Stored items
•••
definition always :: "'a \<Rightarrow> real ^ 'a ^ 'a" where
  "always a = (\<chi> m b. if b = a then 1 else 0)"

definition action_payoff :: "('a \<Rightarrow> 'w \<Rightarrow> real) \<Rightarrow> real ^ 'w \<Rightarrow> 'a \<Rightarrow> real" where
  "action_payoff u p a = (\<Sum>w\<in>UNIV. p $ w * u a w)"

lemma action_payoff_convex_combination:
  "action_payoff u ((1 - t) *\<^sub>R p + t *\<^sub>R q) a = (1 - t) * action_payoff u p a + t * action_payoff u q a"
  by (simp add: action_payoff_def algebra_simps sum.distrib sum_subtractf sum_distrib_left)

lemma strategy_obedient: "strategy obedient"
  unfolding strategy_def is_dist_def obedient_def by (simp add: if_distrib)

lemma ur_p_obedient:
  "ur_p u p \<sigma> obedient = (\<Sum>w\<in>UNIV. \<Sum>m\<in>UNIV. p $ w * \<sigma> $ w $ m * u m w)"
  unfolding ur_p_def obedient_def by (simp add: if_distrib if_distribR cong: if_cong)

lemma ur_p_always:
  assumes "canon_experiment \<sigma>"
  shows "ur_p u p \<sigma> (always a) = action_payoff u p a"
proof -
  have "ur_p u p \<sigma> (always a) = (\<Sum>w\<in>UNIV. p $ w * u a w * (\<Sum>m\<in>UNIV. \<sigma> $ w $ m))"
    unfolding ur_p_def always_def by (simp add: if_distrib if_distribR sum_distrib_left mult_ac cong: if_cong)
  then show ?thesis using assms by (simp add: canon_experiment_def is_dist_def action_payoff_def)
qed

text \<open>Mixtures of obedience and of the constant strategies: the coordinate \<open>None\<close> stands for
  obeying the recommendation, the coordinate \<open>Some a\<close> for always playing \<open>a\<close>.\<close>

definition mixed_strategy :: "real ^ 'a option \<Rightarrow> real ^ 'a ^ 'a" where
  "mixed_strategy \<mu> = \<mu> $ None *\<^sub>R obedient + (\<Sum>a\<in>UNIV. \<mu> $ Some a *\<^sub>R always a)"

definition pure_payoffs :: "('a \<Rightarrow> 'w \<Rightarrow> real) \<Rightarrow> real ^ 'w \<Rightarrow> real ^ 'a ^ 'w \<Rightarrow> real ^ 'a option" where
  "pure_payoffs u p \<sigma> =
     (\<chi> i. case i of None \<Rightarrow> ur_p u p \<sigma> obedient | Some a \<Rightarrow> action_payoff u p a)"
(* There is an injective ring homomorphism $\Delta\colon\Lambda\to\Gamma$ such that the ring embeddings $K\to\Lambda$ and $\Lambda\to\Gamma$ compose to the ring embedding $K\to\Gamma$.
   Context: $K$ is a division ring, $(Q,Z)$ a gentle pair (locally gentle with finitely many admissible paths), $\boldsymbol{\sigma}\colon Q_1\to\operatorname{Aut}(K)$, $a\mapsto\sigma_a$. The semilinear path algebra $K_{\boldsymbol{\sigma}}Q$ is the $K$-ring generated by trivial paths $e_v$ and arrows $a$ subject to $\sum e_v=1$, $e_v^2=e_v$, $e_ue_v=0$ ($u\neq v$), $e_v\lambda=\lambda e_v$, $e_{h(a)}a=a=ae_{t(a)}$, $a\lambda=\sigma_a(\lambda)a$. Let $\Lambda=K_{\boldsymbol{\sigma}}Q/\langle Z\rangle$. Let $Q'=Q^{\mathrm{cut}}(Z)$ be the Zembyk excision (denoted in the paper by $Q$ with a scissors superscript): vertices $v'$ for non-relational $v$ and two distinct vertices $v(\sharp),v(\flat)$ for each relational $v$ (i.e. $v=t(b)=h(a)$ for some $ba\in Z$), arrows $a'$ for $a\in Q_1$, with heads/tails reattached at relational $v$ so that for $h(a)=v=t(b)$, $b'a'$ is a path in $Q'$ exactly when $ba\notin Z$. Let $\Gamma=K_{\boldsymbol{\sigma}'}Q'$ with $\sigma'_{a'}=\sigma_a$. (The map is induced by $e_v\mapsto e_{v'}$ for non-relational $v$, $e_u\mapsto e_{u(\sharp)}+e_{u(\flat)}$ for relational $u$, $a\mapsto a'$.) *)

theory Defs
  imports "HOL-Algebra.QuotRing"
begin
•••
REQUIREMENT →
Answer with one number: how many lines of the entries above include the word "then".

SOLUTION TO THIS PROBLEM →
2